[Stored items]
++++++++

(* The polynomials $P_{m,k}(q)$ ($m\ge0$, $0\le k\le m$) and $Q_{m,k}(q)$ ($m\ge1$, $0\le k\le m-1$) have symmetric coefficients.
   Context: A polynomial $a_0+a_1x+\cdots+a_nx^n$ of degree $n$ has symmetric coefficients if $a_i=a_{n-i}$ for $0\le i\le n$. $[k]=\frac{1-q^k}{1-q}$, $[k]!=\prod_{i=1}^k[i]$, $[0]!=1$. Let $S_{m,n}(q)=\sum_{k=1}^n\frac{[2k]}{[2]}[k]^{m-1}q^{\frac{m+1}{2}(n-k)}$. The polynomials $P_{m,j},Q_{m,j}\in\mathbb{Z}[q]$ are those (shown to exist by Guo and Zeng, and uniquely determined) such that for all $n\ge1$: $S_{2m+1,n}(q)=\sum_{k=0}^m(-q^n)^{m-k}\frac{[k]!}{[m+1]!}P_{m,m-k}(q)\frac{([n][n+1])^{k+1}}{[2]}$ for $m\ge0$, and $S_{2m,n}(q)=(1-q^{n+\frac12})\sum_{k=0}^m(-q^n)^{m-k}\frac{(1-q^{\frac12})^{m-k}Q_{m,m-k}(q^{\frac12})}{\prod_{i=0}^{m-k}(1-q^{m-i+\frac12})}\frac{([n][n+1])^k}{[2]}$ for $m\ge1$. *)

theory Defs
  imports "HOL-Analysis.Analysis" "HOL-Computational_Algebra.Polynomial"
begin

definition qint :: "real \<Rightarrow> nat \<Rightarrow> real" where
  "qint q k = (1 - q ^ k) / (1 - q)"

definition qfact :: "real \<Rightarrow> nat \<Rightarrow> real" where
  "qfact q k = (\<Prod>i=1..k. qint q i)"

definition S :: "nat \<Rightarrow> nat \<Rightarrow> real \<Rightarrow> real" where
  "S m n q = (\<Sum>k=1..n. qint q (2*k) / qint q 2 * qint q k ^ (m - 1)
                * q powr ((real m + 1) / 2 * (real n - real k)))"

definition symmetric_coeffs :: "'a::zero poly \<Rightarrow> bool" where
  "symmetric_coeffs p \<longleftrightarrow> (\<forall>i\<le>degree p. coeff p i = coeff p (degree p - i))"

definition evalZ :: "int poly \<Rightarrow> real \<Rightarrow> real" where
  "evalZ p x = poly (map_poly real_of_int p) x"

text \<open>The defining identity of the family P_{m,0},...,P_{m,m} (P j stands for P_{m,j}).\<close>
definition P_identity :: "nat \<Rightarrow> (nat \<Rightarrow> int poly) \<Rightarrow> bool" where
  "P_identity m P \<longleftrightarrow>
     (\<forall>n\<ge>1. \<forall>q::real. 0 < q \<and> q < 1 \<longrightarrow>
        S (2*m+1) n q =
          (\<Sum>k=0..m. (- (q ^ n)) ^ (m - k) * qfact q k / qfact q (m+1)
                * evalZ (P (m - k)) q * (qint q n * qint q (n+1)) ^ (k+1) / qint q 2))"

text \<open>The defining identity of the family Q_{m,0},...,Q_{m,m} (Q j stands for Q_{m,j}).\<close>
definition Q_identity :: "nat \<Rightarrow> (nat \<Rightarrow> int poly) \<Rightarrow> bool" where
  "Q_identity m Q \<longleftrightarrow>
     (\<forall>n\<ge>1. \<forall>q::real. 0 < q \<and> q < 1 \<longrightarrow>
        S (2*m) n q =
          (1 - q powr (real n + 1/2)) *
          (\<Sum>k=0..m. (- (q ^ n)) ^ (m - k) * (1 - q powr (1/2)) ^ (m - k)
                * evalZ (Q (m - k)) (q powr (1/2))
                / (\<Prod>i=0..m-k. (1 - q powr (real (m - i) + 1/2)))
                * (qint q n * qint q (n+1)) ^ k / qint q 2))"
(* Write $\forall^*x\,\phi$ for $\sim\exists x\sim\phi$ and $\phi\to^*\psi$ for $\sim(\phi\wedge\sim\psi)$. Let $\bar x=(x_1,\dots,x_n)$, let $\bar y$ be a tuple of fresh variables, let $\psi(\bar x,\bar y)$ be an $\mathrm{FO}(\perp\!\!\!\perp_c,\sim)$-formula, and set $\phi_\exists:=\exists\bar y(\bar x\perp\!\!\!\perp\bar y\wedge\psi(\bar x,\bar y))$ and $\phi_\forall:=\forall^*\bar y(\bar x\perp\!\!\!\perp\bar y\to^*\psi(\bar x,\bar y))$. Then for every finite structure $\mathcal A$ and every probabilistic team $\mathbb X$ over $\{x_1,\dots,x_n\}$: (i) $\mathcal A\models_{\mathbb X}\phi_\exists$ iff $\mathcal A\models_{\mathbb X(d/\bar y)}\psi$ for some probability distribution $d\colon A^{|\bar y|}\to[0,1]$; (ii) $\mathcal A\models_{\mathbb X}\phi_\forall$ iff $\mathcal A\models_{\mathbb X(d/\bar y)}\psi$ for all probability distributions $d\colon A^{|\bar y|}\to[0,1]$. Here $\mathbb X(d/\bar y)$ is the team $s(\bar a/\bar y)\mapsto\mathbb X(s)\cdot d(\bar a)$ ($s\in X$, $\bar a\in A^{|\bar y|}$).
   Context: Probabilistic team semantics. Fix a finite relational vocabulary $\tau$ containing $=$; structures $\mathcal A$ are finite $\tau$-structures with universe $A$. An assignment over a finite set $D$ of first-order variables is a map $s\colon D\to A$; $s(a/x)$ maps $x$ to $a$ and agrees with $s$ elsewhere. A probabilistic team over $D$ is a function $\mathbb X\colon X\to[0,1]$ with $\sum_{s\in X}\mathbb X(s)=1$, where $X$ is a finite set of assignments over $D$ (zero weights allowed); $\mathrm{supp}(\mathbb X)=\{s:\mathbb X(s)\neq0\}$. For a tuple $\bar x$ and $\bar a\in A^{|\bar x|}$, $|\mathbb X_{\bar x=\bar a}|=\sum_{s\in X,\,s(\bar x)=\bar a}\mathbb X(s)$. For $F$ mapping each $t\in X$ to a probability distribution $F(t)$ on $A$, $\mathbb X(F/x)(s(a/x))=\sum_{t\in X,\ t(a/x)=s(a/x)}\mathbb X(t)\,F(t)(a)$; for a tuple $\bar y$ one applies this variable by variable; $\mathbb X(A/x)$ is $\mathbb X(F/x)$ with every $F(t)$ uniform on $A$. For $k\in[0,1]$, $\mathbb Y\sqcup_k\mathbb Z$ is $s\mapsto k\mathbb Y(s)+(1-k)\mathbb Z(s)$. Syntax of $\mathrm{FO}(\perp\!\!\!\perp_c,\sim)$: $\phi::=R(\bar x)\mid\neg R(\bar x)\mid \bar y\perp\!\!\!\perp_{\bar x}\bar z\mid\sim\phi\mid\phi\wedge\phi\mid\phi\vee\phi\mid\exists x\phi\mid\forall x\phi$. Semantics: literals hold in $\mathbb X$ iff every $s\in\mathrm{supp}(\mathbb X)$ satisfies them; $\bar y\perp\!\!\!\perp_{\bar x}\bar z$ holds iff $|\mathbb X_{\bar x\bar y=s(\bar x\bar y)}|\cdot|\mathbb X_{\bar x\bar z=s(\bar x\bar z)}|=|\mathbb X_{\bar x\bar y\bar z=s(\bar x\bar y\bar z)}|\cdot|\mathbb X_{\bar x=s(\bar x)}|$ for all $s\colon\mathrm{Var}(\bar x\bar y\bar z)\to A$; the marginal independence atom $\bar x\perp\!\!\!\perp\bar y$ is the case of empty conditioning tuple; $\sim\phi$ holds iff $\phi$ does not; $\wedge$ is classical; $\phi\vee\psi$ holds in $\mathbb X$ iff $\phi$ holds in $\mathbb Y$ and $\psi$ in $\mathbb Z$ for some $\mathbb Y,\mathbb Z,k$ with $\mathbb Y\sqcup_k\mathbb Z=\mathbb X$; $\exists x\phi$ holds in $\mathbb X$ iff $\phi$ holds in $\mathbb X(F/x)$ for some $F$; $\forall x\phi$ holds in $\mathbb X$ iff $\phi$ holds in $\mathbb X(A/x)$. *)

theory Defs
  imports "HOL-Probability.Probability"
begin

++++++++

> TASK TO CARRY OUT:
Lines that hold the word "definition" are the ones to copy from the entries above.

> RESPONSE:
definition qint :: "real \<Rightarrow> nat \<Rightarrow> real" where
definition qfact :: "real \<Rightarrow> nat \<Rightarrow> real" where
definition S :: "nat \<Rightarrow> nat \<Rightarrow> real \<Rightarrow> real" where
definition symmetric_coeffs :: "'a::zero poly \<Rightarrow> bool" where
definition evalZ :: "int poly \<Rightarrow> real \<Rightarrow> real" where
definition P_identity :: "nat \<Rightarrow> (nat \<Rightarrow> int poly) \<Rightarrow> bool" where
definition Q_identity :: "nat \<Rightarrow> (nat \<Rightarrow> int poly) \<Rightarrow> bool" where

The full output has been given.